Computers learn chemistry
Chemists who trawl through the thousands of chemistry papers published every month must wish their computers could do the job for them. Well, maybe one day they will: that's the ultimate goal of Project Prospect, an initiative unveiled this month by Royal Society of Chemistry Publishing.
From February 2007, electronic RSC journal papers will be written so their data can be read, indexed, and intelligently searched by machine. The aim of this project - the first of its kind - is to create a chemical version of the 'semantic web': where computers can understand the meaning (semantics) of information, rather than simply display data.
Laptop on a learning curve
In the first phase of Project Prospect, explained Richard Kidd, who leads the RSC editorial production systems department, technical editors, assisted by computer programs, will enrich articles with extra information, known as metadata. Though the metadata is hidden from view, it means readers can click on named compounds, scientific concepts and experimental data in an article to download structures, understand topics, or link through to electronic databases like Iupac's Gold Book.

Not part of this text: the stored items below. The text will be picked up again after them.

lemma cov_d2_eq: "cov_d2 A u u1 u2 t = (u2 t + A *v u1 t) + A *v cov_d1 A u u1 t"
  by (simp add: cov_d2_def cov_d1_def)

lemma absolutely_integrable_cov_d2:
  assumes "W22 u u1 u2" "a \<le> b"
  shows "cov_d2 A u u1 u2 absolutely_integrable_on {a..b}"
  unfolding cov_d2_eq[abs_def]
  by (intro set_integral_add(1) absolutely_integrable_cov_d1_derivative[OF assms]
      absolutely_integrable_continuous_real
      bounded_linear.continuous_on[OF matrix_vector_mul_bounded_linear continuous_on_cov_d1[OF assms(1)]])

lemma square_integrable_cov_d2:
  assumes "W22 u u1 u2"
  shows "(\<lambda>t. (norm (cov_d2 A u u1 u2 t))\<^sup>2) integrable_on {0..2 * pi}"
proof -
  define c where "c t = A *v u1 t + A *v cov_d1 A u u1 t" for t
  have c: "continuous_on {0..2 * pi} c"
    unfolding c_def
    by (intro continuous_on_add bounded_linear.continuous_on[OF matrix_vector_mul_bounded_linear]
        W22_continuous_on_derivative[OF assms] continuous_on_cov_d1[OF assms])
  have "(\<lambda>t. (norm (cov_d2 A u u1 u2 t))\<^sup>2) absolutely_integrable_on {0..2 * pi}"
  proof (rule measurable_bounded_by_integrable_imp_absolutely_integrable)
    have "cov_d2 A u u1 u2 \<in> borel_measurable (lebesgue_on {0..2 * pi})"
      using absolutely_integrable_cov_d2[OF assms, of 0 "2 * pi"]
      by (simp add: absolutely_integrable_measurable)
    then show "(\<lambda>t. (norm (cov_d2 A u u1 u2 t))\<^sup>2) \<in> borel_measurable (lebesgue_on {0..2 * pi})"
      by measurable
    show "(\<lambda>t. 2 * (norm (u2 t))\<^sup>2 + 2 * (norm (c t))\<^sup>2) integrable_on {0..2 * pi}"
    proof -
      have "(\<lambda>t. (norm (u2 t))\<^sup>2) integrable_on {0..2 * pi}" using assms by (simp add: W22_def)
      moreover have "(\<lambda>t. (norm (c t))\<^sup>2) integrable_on {0..2 * pi}"
        by (intro integrable_continuous_interval continuous_intros c)
      ultimately show ?thesis
        using integrable_on_cmult_left[where c=2] by (intro integrable_add) simp_all
    qed
    fix t
    have "(norm (cov_d2 A u u1 u2 t))\<^sup>2 \<le> (norm (u2 t) + norm (c t))\<^sup>2"
      using norm_triangle_ineq[of "u2 t" "c t"]
      by (intro power_mono) (simp_all add: cov_d2_eq c_def algebra_simps)
    also have "\<dots> \<le> 2 * (norm (u2 t))\<^sup>2 + 2 * (norm (c t))\<^sup>2"
      using sum_squares_bound[of "norm (u2 t)" "norm (c t)"] by (simp add: power2_sum)
    finally show "norm ((norm (cov_d2 A u u1 u2 t))\<^sup>2) \<le> 2 * (norm (u2 t))\<^sup>2 + 2 * (norm (c t))\<^sup>2"
      by simp
  qed simp
  then show ?thesis by (simp add: absolutely_integrable_on_def)
qed

lemma has_integral_matrix_flow_cov_d1:
  assumes "W22 u u1 u2" "a \<le> b"
  shows "((\<lambda>s. endo_apply (matrix_flow A s) (cov_d1 A u u1 s)) has_integral
           endo_apply (matrix_flow A b) (u b) - endo_apply (matrix_flow A a) (u a)) {a..b}"
proof (rule fundamental_theorem_of_calculus[OF assms(2)])
  fix s
  have "(u has_vector_derivative u1 s) (at s within {a..b})"
    using assms(1) by (auto simp: W22_def intro: has_vector_derivative_at_within)
  from bounded_bilinear.has_vector_derivative[OF bounded_bilinear_endo_apply
      has_vector_derivative_matrix_flow this]
  show "((\<lambda>s. endo_apply (matrix_flow A s) (u s)) has_vector_derivative
      endo_apply (matrix_flow A s) (cov_d1 A u u1 s)) (at s within {a..b})"
    by (simp add: cov_d1_def)
qed

lemma has_integral_matrix_flow_cov_d2:
  assumes "W22 u u1 u2" "a \<le> b"
  shows "((\<lambda>s. endo_apply (matrix_flow A s) (cov_d2 A u u1 u2 s)) has_integral
           endo_apply (matrix_flow A b) (cov_d1 A u u1 b)
           - endo_apply (matrix_flow A a) (cov_d1 A u u1 a)) {a..b}"
proof -
  have "((\<lambda>s. endo_apply (matrix_flow A s) (u2 s + A *v u1 s)
          + endo_apply (matrix_flow A s * endo_of_matrix A) (cov_d1 A u u1 s)) has_integral
        endo_apply (matrix_flow A b) (cov_d1 A u u1 b)
        - endo_apply (matrix_flow A a) (cov_d1 A u u1 a)) {a..b}"
    by (rule has_integral_endo_apply_product[OF assms(2) has_vector_derivative_matrix_flow
          continuous_on_mult_right[OF continuous_on_matrix_flow]
          absolutely_integrable_cov_d1_derivative[OF assms] cov_d1_indefinite_integral[OF assms(1)]])
      simp
  then show ?thesis by (simp add: cov_d2_eq)
qed

section \<open>The Poincar\'e estimate\<close>

lemma norm_cov_d1_le_of_holonomy_gap:
  fixes A :: "real^'n::finite^'n"
  defines "M \<equiv> matrix_flow A (2 * pi)"
  assumes "skew A"
    and F: "subspace F" "\<And>x. x \<in> F \<Longrightarrow> endo_apply M x = x"
    and gap: "\<And>z. (\<And>x. x \<in> F \<Longrightarrow> z \<bullet> x = 0) \<Longrightarrow> \<delta> * norm z \<le> norm (endo_apply M z - z)"
    and "0 < \<delta>"
    and W: "W22 u u1 u2"
    and t: "t \<in> {0..2 * pi}"
  shows "norm (cov_d1 A u u1 t) \<le> (1 + 1 / \<delta>) * integral {0..2 * pi} (\<lambda>s. norm (cov_d2 A u u1 u2 s))"
proof -
  define T where "T = 2 * pi"
  define v where "v = cov_d1 A u u1"
  define d where "d = cov_d2 A u u1 u2"
  define y where "y t = endo_apply (matrix_flow A t) (v t)" for t
  define \<mu> where "\<mu> t = integral {0..t} (\<lambda>s. norm (d s))" for t
  have "0 < T" by (simp add: T_def)
  have nd: "(\<lambda>s. norm (d s)) integrable_on {a..b}" if "a \<le> b" for a b
    using absolutely_integrable_cov_d2[OF W that] by (simp add: d_def absolutely_integrable_on_def)
  have incr: "norm (y t - y s) \<le> \<mu> t - \<mu> s" if "0 \<le> s" "s \<le> t" "t \<le> T" for s t
  proof -
    have y: "((\<lambda>r. endo_apply (matrix_flow A r) (d r)) has_integral y t - y s) {s..t}"
      unfolding y_def v_def d_def by (rule has_integral_matrix_flow_cov_d2[OF W \<open>s \<le> t\<close>])
    have "norm (y t - y s) \<le> integral {s..t} (\<lambda>r. norm (d r))"
      using integral_unique[OF y] integral_norm_bound_integral[OF has_integral_integrable[OF y] nd[OF \<open>s \<le> t\<close>]]
      by (simp add: norm_matrix_flow_apply[OF \<open>skew A\<close>])
    also have "\<dots> = \<mu> t - \<mu> s"
      using integral_Icc_diff[OF nd[of 0 T]] that \<open>0 < T\<close> by (simp add: \<mu>_def)
    finally show ?thesis .
  qed
  have u_per: "u T = u 0"
    using W unfolding W22_def T_def by (metis add_0)
  have "v T = v 0"
    using u_per W22_derivative_periodic[OF W, of 0] by (simp add: v_def T_def cov_d1_def)
  then have closed: "y T = endo_apply M (y 0)"
    by (simp add: y_def M_def T_def)
  have mean: "(y has_integral endo_apply M (u 0) - u 0) {0..T}"
    using has_integral_matrix_flow_cov_d1[OF W, of 0 T A] u_per \<open>0 < T\<close>
    by (simp add: y_def[abs_def] v_def M_def T_def)
  have mean_orth: "(endo_apply M (u 0) - u 0) \<bullet> x = 0" if "x \<in> F" for x
    using inner_matrix_flow_apply[OF \<open>skew A\<close>, of "2 * pi" "u 0" x] F(2)[OF that]
    by (simp add: M_def inner_diff_left)
  have "norm (v t) = norm (y t)" by (simp add: y_def norm_matrix_flow_apply[OF \<open>skew A\<close>])
  also have "\<dots> \<le> (1 + 1 / \<delta>) * (\<mu> T - \<mu> 0)"
    by (rule norm_le_of_twisted_closed_curve[OF \<open>0 < T\<close> t[folded T_def] _ _ F gap \<open>0 < \<delta>\<close> closed incr
          mean mean_orth])
      (simp_all add: bounded_linear.linear norm_matrix_flow_apply[OF \<open>skew A\<close>] M_def)
  finally show ?thesis by (simp add: \<mu>_def v_def d_def T_def)
qed
(* Let $R$ be a ring and let $A$ be an $(R,R)$-bimodule which is also a (not necessarily unital) associative ring such that $(aw)r=a(wr)$, $(ar)w=a(rw)$ and $(ra)w=r(aw)$ for all $a,w\in A$, $r\in R$. Suppose that for every $a\in A$ there exists $w\in A$ with $a+w+aw=0$. Let $S=I(R;A)$ be the Dorroh (ideal) extension, i.e. the additive group $R\oplus A$ with multiplication $(r,a)(s,w)=(rs,\,rw+as+aw)$. Then $R$ is NJ-symmetric if and only if $S$ is NJ-symmetric.
   Context: Rings are associative; $R$ has identity. $N(T)$ is the set of nilpotent elements, $J(T)$ the Jacobson radical of a ring $T$. $T$ is NJ-symmetric if for all $a,b,c\in T$, $abc\in N(T)$ implies $bac\in J(T)$. *)

theory Defs
  imports "HOL-Algebra.Ring"
begin

definition class_ring :: "('r::ring_1) ring" where
  "class_ring = \<lparr>carrier = UNIV, mult = (*), one = 1, zero = 0, add = (+)\<rparr>"

text \<open>The Dorroh (ideal) extension I(R;A) = R \<oplus> A with
  (r,a)(s,w) = (rs, rw + as + aw); lm is the left and rm the right R-action on A.\<close>
definition dorroh :: "('r::ring_1 \<Rightarrow> 'a::ring \<Rightarrow> 'a) \<Rightarrow> ('a \<Rightarrow> 'r \<Rightarrow> 'a) \<Rightarrow> ('r \<times> 'a) ring" where
  "dorroh lm rm = \<lparr>carrier = UNIV,
     mult = (\<lambda>(r, a) (s, w). (r * s, lm r w + rm a s + a * w)),
     one = (1, 0), zero = (0, 0),
     add = (\<lambda>(r, a) (s, w). (r + s, a + w))\<rparr>"

definition nilpotents :: "('x, 'm) ring_scheme \<Rightarrow> 'x set" where
  "nilpotents T = {x \<in> carrier T. \<exists>n::nat. x [^]\<^bsub>T\<^esub> n = \<zero>\<^bsub>T\<^esub>}"

definition left_ideal :: "('x, 'm) ring_scheme \<Rightarrow> 'x set \<Rightarrow> bool" where
  "left_ideal T I \<longleftrightarrow> I \<subseteq> carrier T \<and> \<zero>\<^bsub>T\<^esub> \<in> I
     \<and> (\<forall>x\<in>I. \<forall>y\<in>I. x \<oplus>\<^bsub>T\<^esub> y \<in> I)
     \<and> (\<forall>x\<in>I. \<ominus>\<^bsub>T\<^esub> x \<in> I)
     \<and> (\<forall>r\<in>carrier T. \<forall>x\<in>I. r \<otimes>\<^bsub>T\<^esub> x \<in> I)"

definition maximal_left_ideal :: "('x, 'm) ring_scheme \<Rightarrow> 'x set \<Rightarrow> bool" where
  "maximal_left_ideal T I \<longleftrightarrow> left_ideal T I \<and> I \<noteq> carrier T
     \<and> (\<forall>J. left_ideal T J \<and> I \<subseteq> J \<longrightarrow> J = I \<or> J = carrier T)"

text \<open>Jacobson radical: intersection of all maximal left ideals (carrier if there are none).\<close>
definition jacobson :: "('x, 'm) ring_scheme \<Rightarrow> 'x set" where
  "jacobson T = carrier T \<inter> \<Inter>{I. maximal_left_ideal T I}"

definition NJ_symmetric :: "('x, 'm) ring_scheme \<Rightarrow> bool" where
  "NJ_symmetric T \<longleftrightarrow> (\<forall>a\<in>carrier T. \<forall>b\<in>carrier T. \<forall>c\<in>carrier T.
     a \<otimes>\<^bsub>T\<^esub> b \<otimes>\<^bsub>T\<^esub> c \<in> nilpotents T \<longrightarrow> b \<otimes>\<^bsub>T\<^esub> a \<otimes>\<^bsub>T\<^esub> c \<in> jacobson T)"

end

theory Submission
  imports Defs
begin
lemma degree_alpha_poly_eq_top_iff:
  "p \<ge> 1 \<Longrightarrow> degree (alpha_poly \<alpha> p X) = p \<longleftrightarrow> root_eval \<alpha> (X p) \<noteq> 0"
  by (auto simp: degree_alpha_poly_eq_iff)

section \<open>The space \<open>B\<^sub>Q\<close>\<close>

lemma B_Q_self: "\<forall>i. i \<notin> {1..p} \<longrightarrow> A i = 0 \<Longrightarrow> A \<in> B_Q g p A"
  by (simp add: B_Q_def)

lemma B_Q_regular_iff:
  assumes "p \<ge> 1" "A p \<in> t_reg g"
  shows "X \<in> B_Q g p A \<longleftrightarrow> (\<forall>i. i \<notin> {1..p} \<longrightarrow> X i = 0) \<and> X p \<in> t_reg g"
proof -
  have "degree (alpha_poly \<alpha> p X) = degree (alpha_poly \<alpha> p A) \<longleftrightarrow> root_eval \<alpha> (X p) \<noteq> 0"
    if "\<alpha> \<in> roots g" for \<alpha>
  proof -
    have "degree (alpha_poly \<alpha> p A) = p"
      using assms that by (simp add: degree_alpha_poly_eq_top_iff t_reg_def)
    then show ?thesis
      by (metis degree_alpha_poly_eq_top_iff[OF assms(1)])
  qed
  then show ?thesis
    by (simp add: B_Q_def t_reg_def)
qed

lemma degree_alpha_poly_less:
  "p \<ge> 1 \<Longrightarrow> root_eval \<beta> (A p) = 0 \<Longrightarrow> degree (alpha_poly \<beta> p A) < p"
  using degree_alpha_poly_le[of \<beta> p A] degree_alpha_poly_eq_top_iff[of p \<beta> A] by linarith

lemma B_Q_singular_degree_iff:
  assumes p: "p \<ge> 1" and \<beta>: "\<beta> \<in> roots g" "root_eval \<beta> (A p) = 0" and Ap: "A p \<noteq> 0"
  shows "X \<in> B_Q g p A \<longleftrightarrow> (\<forall>i. i \<notin> {1..p} \<longrightarrow> X i = 0) \<and> X p \<noteq> 0 \<and>
      degree (alpha_poly \<beta> p X) = degree (alpha_poly \<beta> p A)"
proof -
  have full: "degree (alpha_poly \<alpha> p Y) = p"
    if "fst \<alpha> * snd \<beta> \<noteq> snd \<alpha> * fst \<beta>" "Y p \<noteq> 0" "root_eval \<beta> (Y p) = 0" for \<alpha> Y
    using root_eval_independent_nonzero[OF that] by (simp add: degree_alpha_poly_eq_top_iff[OF p])
  show ?thesis
  proof
    assume X: "X \<in> B_Q g p A"
    obtain \<alpha> where \<alpha>: "\<alpha> \<in> roots g" "fst \<alpha> * snd \<beta> \<noteq> snd \<alpha> * fst \<beta>"
      using roots_ex_independent[OF \<beta>(1)] by blast
    have "degree (alpha_poly \<alpha> p X) = p"
      using X full[of \<alpha> A] \<alpha> Ap \<beta>(2) by (simp add: B_Q_def)
    then have "X p \<noteq> 0"
      using p by (auto simp: degree_alpha_poly_eq_top_iff)
    with X \<beta>(1) show "(\<forall>i. i \<notin> {1..p} \<longrightarrow> X i = 0) \<and> X p \<noteq> 0 \<and>
        degree (alpha_poly \<beta> p X) = degree (alpha_poly \<beta> p A)"
      by (simp add: B_Q_def)
  next
    assume X: "(\<forall>i. i \<notin> {1..p} \<longrightarrow> X i = 0) \<and> X p \<noteq> 0 \<and>
        degree (alpha_poly \<beta> p X) = degree (alpha_poly \<beta> p A)"
    then have "degree (alpha_poly \<beta> p X) \<noteq> p"
      using degree_alpha_poly_less[of p \<beta> A] p \<beta>(2) by simp
    then have "root_eval \<beta> (X p) = 0"
      using degree_alpha_poly_eq_top_iff[OF p] by blast
    then have "degree (alpha_poly \<alpha> p X) = degree (alpha_poly \<alpha> p A)" if "\<alpha> \<in> roots g" for \<alpha>
      using roots_proportional_cases[OF that \<beta>(1)] X full[of \<alpha> X] full[of \<alpha> A] Ap \<beta>(2)
      by (auto simp: alpha_poly_uminus)
    with X show "X \<in> B_Q g p A"
      by (simp add: B_Q_def)
  qed
qed
lemma sum_over_paracel_fibre:
  assumes "paracel V E ends e f H"
  shows "(\<Sum>(I, \<beta>)\<in>Pow H \<times> Pow (smoots H).
      monoF x \<beta> * monoF x H * monoF x I * (\<Prod>s\<in>neutral H. 1 + x s))
    = monoF x H * (\<Prod>s\<in>Ef. 1 + x s)"
proof -
  have H: "H \<subseteq> Ef" using assms by (simp add: paracel_iff)
  then have "finite H" "finite (smoots H)"
    by (auto simp: smoots_eq intro: rev_finite_subset[OF finite_Ef])
  let ?c = "monoF x H * (\<Prod>s\<in>neutral H. 1 + x s)"
  have "(\<Sum>(I, \<beta>)\<in>Pow H \<times> Pow (smoots H).
      monoF x \<beta> * monoF x H * monoF x I * (\<Prod>s\<in>neutral H. 1 + x s))
      = (\<Sum>I\<in>Pow H. \<Sum>\<beta>\<in>Pow (smoots H). monoF x I * monoF x \<beta> * ?c)"
    by (simp add: sum.cartesian_product mult_ac)
  also have "\<dots> = (\<Sum>I\<in>Pow H. monoF x I) * (\<Sum>\<beta>\<in>Pow (smoots H). monoF x \<beta>) * ?c"
    unfolding sum_product by (simp add: sum_distrib_right)
  also have "\<dots> = monoF x H * (\<Prod>s\<in>Ef. 1 + x s)"
    using \<open>finite H\<close> \<open>finite (smoots H)\<close>
    by (simp add: sum_monoF_Pow prod_Ef_partition[OF H, symmetric] mult_ac)
  finally show ?thesis .
qed
(* Let $A$ be a commutative semiring, $\rho$ a congruence on $A$, $(a,b),(c,d)\in A\times A$, and $c=z_1,z_2,\dots,z_n=d$ ($n\ge2$) a sequence of elements of $A$. If $(a,b)\ast(z_i,z_{i+1})\in\rho_+$ for all $i\in\{1,\dots,n-1\}$, then $(a,b)\ast(c,d)\in\rho_+$.
   Context: Semirings are commutative with $0$ and $1\neq0$, $0a=0$; congruences are equivalence relations compatible with $+,\cdot$. Twisted product $(a,b)\ast(c,d)=(ac+bd,ad+bc)$. $\rho_+=\{(u,v):(u+e,v+e)\in\rho$ for some $e\in A\}$. *)

theory Defs
  imports Main
begin

text \<open>Semirings: commutative, with 0, 1 \<noteq> 0 and 0a = 0 -- the class comm_semiring_1.\<close>

definition semiring_congruence :: "('a::comm_semiring_1 \<times> 'a) set \<Rightarrow> bool" where
  "semiring_congruence \<rho> \<longleftrightarrow> equiv UNIV \<rho> \<and>
     (\<forall>a b c. (a, b) \<in> \<rho> \<longrightarrow> (a + c, b + c) \<in> \<rho> \<and> (a * c, b * c) \<in> \<rho>)"

definition twisted_prod :: "'a::comm_semiring_1 \<times> 'a \<Rightarrow> 'a \<times> 'a \<Rightarrow> 'a \<times> 'a" where
  "twisted_prod p q = (fst p * fst q + snd p * snd q, fst p * snd q + snd p * fst q)"

definition rho_plus :: "('a::comm_semiring_1 \<times> 'a) set \<Rightarrow> ('a \<times> 'a) set" where
  "rho_plus \<rho> = {(u, v). \<exists>e. (u + e, v + e) \<in> \<rho>}"

end

theory Submission
  imports Defs
begin

text \<open>The composite \<open>(a,b) \<ast> (x,y) + (a,b) \<ast> (y,w)\<close> equals \<open>(a,b) \<ast> (x,w)\<close> shifted on both
  sides by \<open>ay + by\<close>; since \<open>\<rho>\<^sub>+\<close> is closed under addition and under cancellation of a
  common summand, the relation \<open>(a,b) \<ast> (x,y) \<in> \<rho>\<^sub>+\<close> is transitive in \<open>(x,y)\<close>, and the
  theorem follows by chaining along \<open>z\<^sub>1, \<dots>, z\<^sub>n\<close>.\<close>

lemma semiring_congruence_add:
  assumes cong: "semiring_congruence \<rho>" and "(p, q) \<in> \<rho>" "(r, s) \<in> \<rho>"
  shows "(p + r, q + s) \<in> \<rho>"
proof -
  have eqv: "equiv UNIV \<rho>" using cong unfolding semiring_congruence_def by blast
  have "(p + r, q + r) \<in> \<rho>" using cong \<open>(p, q) \<in> \<rho>\<close> unfolding semiring_congruence_def by blast
  moreover have "(r + q, s + q) \<in> \<rho>" using cong \<open>(r, s) \<in> \<rho>\<close> unfolding semiring_congruence_def by blast
  hence "(q + r, q + s) \<in> \<rho>" by (simp add: add.commute)
  ultimately show ?thesis using eqv by (meson equivE transE)
qed

lemma rho_plus_add:
  assumes "semiring_congruence \<rho>" "(p, q) \<in> rho_plus \<rho>" "(r, s) \<in> rho_plus \<rho>"
  shows "(p + r, q + s) \<in> rho_plus \<rho>"
proof -
  obtain e f where "(p + e, q + e) \<in> \<rho>" "(r + f, s + f) \<in> \<rho>"
    using assms(2,3) unfolding rho_plus_def by auto
  hence "((p + e) + (r + f), (q + e) + (s + f)) \<in> \<rho>"
    using semiring_congruence_add[OF assms(1)] by blast
  hence "((p + r) + (e + f), (q + s) + (e + f)) \<in> \<rho>" by (simp add: ac_simps)
  thus ?thesis unfolding rho_plus_def by blast
qed

lemma rho_plus_cancel:
  assumes "(p + t, q + t) \<in> rho_plus \<rho>"
  shows "(p, q) \<in> rho_plus \<rho>"
proof -
  obtain e where "(p + t + e, q + t + e) \<in> \<rho>" using assms unfolding rho_plus_def by auto
  hence "(p + (t + e), q + (t + e)) \<in> \<rho>" by (simp add: add.assoc)
  thus ?thesis unfolding rho_plus_def by blast
qed

lemma twisted_prod_rho_plus_trans:
  assumes "semiring_congruence \<rho>"
    and "twisted_prod (a, b) (x, y) \<in> rho_plus \<rho>"
    and "twisted_prod (a, b) (y, w) \<in> rho_plus \<rho>"
  shows "twisted_prod (a, b) (x, w) \<in> rho_plus \<rho>"
proof -
  have "((a*x + b*y) + (a*y + b*w), (a*y + b*x) + (a*w + b*y)) \<in> rho_plus \<rho>"
    using rho_plus_add[OF assms(1)] assms(2,3) unfolding twisted_prod_def by simp
  hence "((a*x + b*w) + (a*y + b*y), (a*w + b*x) + (a*y + b*y)) \<in> rho_plus \<rho>"
    by (simp add: ac_simps)
  thus ?thesis unfolding twisted_prod_def by (auto dest: rho_plus_cancel)
qed

lemma twisted_prod_rho_plus_chain:
  fixes m :: nat
  assumes "semiring_congruence \<rho>"
  shows "k < m \<Longrightarrow> \<forall>i\<in>{k..<m}. twisted_prod (a, b) (z i, z (i + 1)) \<in> rho_plus \<rho>
    \<Longrightarrow> twisted_prod (a, b) (z k, z m) \<in> rho_plus \<rho>"
proof (induction m)
  case 0
  then show ?case by simp
next
  case (Suc m)
  show ?case
  proof (cases "k = m")
    case True
    with Suc.prems show ?thesis by simp
  next
    case False
    with Suc.prems have "twisted_prod (a, b) (z k, z m) \<in> rho_plus \<rho>"
      by (intro Suc.IH) auto
    moreover have "twisted_prod (a, b) (z m, z (Suc m)) \<in> rho_plus \<rho>"
      using Suc.prems False by simp
    ultimately show ?thesis by (rule twisted_prod_rho_plus_trans[OF assms(1)])
  qed
qed

theorem lemma2p22:
  fixes \<rho> :: "('a::comm_semiring_1 \<times> 'a) set"
    and a b c d :: 'a and z :: "nat \<Rightarrow> 'a" and n :: nat
  assumes "semiring_congruence \<rho>"
    and "n \<ge> 2"
    and "z 1 = c" and "z n = d"
    and "\<forall>i\<in>{1..n-1}. twisted_prod (a, b) (z i, z (i + 1)) \<in> rho_plus \<rho>"
  shows "twisted_prod (a, b) (c, d) \<in> rho_plus \<rho>"
proof -
  have "{1..<n} = {1..n-1}" using \<open>n \<ge> 2\<close> by auto
  hence "twisted_prod (a, b) (z 1, z n) \<in> rho_plus \<rho>"
    using twisted_prod_rho_plus_chain[OF assms(1), of 1 n] assms(2,5) by simp
  with assms(3,4) show ?thesis by simp
qed

end
(* Let $G=(V,E)$ be a connected graph with $n$ vertices and maximum degree $\Delta$, let $k\in\{2,\dots,n-1\}$, and let $\mathscr{S}$ be any $k$-block system for $G$. Then $\mu^+(\mathscr{S})\le\Delta-1+\frac1k$.
   Context: Potts configurations on $G$: $\sigma\in\Omega=[q]^V$, $q$ a positive integer. A $k$-block system for $G$ is a family $\mathscr{S}=\{S_v:v\in V\}$ of subsets of $V$ with $v\in S_v$, $|S_v|=k$ and $G[S_v]$ connected for all $v$. For $S\subseteq V$, $\partial S$ is the set of vertices of $V\setminus S$ with a neighbour in $S$. For $X\in\Omega$ and $c\in[q]^S$, $X^{(S,c)}$ equals $c$ on $S$ and $X$ off $S$; $\mu_{X,S}(c)$ is the number of monochromatic edges of $X^{(S,c)}$ incident with at least one vertex of $S$. A colour used by $c$ is free with respect to $X,S$ if it does not occur among $\{X(u):u\in\partial S\}$; $f(X,S,c)$ is the number of free colours used by $c$. $\mu^+_{X,S,f}=\max\{\mu_{X,S}(c)/(|S|-f): c\in[q]^S,\ f(X,S,c)=f\}$ (empty maximum $=0$), and $\mu^+(\mathscr{S})=\max_{S\in\mathscr{S}}\max_{X\in\Omega}\max_{f\in\{0,\dots,|S|-1\}}\mu^+_{X,S,f}$. *)

theory Defs
  imports "HOL-Analysis.Analysis"
begin

definition simple_graph :: "'a set \<Rightarrow> ('a \<Rightarrow> 'a \<Rightarrow> bool) \<Rightarrow> bool" where
  "simple_graph V E \<longleftrightarrow> finite V \<and> (\<forall>u w. E u w \<longrightarrow> u \<in> V \<and> w \<in> V \<and> u \<noteq> w \<and> E w u)"

definition induced_connected :: "('a \<Rightarrow> 'a \<Rightarrow> bool) \<Rightarrow> 'a set \<Rightarrow> bool" where
  "induced_connected E S \<longleftrightarrow>
     (\<forall>u\<in>S. \<forall>w\<in>S. (\<lambda>x y. E x y \<and> x \<in> S \<and> y \<in> S)\<^sup>*\<^sup>* u w)"

definition graph_connected :: "'a set \<Rightarrow> ('a \<Rightarrow> 'a \<Rightarrow> bool) \<Rightarrow> bool" where
  "graph_connected V E \<longleftrightarrow> induced_connected E V"

definition degree :: "'a set \<Rightarrow> ('a \<Rightarrow> 'a \<Rightarrow> bool) \<Rightarrow> 'a \<Rightarrow> nat" where
  "degree V E v = card {u \<in> V. E v u}"

definition max_degree :: "'a set \<Rightarrow> ('a \<Rightarrow> 'a \<Rightarrow> bool) \<Rightarrow> nat" where
  "max_degree V E = Max (degree V E ` V)"

definition block_system :: "'a set \<Rightarrow> ('a \<Rightarrow> 'a \<Rightarrow> bool) \<Rightarrow> nat \<Rightarrow> ('a \<Rightarrow> 'a set) \<Rightarrow> bool" where
  "block_system V E k Sys \<longleftrightarrow>
     (\<forall>v\<in>V. Sys v \<subseteq> V \<and> v \<in> Sys v \<and> card (Sys v) = k \<and> induced_connected E (Sys v))"

definition bdry :: "'a set \<Rightarrow> ('a \<Rightarrow> 'a \<Rightarrow> bool) \<Rightarrow> 'a set \<Rightarrow> 'a set" where
  "bdry V E S = {u \<in> V - S. \<exists>w\<in>S. E u w}"

definition configs :: "nat \<Rightarrow> 'a set \<Rightarrow> ('a \<Rightarrow> nat) set" where
  "configs q A = A \<rightarrow>\<^sub>E {1..q}"

definition upd_conf :: "('a \<Rightarrow> nat) \<Rightarrow> 'a set \<Rightarrow> ('a \<Rightarrow> nat) \<Rightarrow> 'a \<Rightarrow> nat" where
  "upd_conf X S c = (\<lambda>u. if u \<in> S then c u else X u)"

This isn't just a neat time-saving device for busy chemists. The metadata is written in computer-readable language: including such acronym-heavy standards as InChI (Iupac's International Chemical Identifier for compounds), OBOs (Open Biomedical Ontologies: a hierarchical classification of biomedical terms), and CML (Chemical Markup Language: a chemistry equivalent of the internet's HTML).
The machine-readable metadata allows a program to search the RSC literature for similar compounds or subjects and deliver that information back to the chemist, via a convenient news feed. Eventually, a machine will be able to search intelligently: understanding, for instance, that a chemist interested in acetone would also want to read articles mentioning dimethylketone, nail-varnish remover, or organic solvents. This technology, Kidd says, will instantly help chemists to find, understand and share chemical knowledge with each other, while computers take on all the hard work of searching and delivering information.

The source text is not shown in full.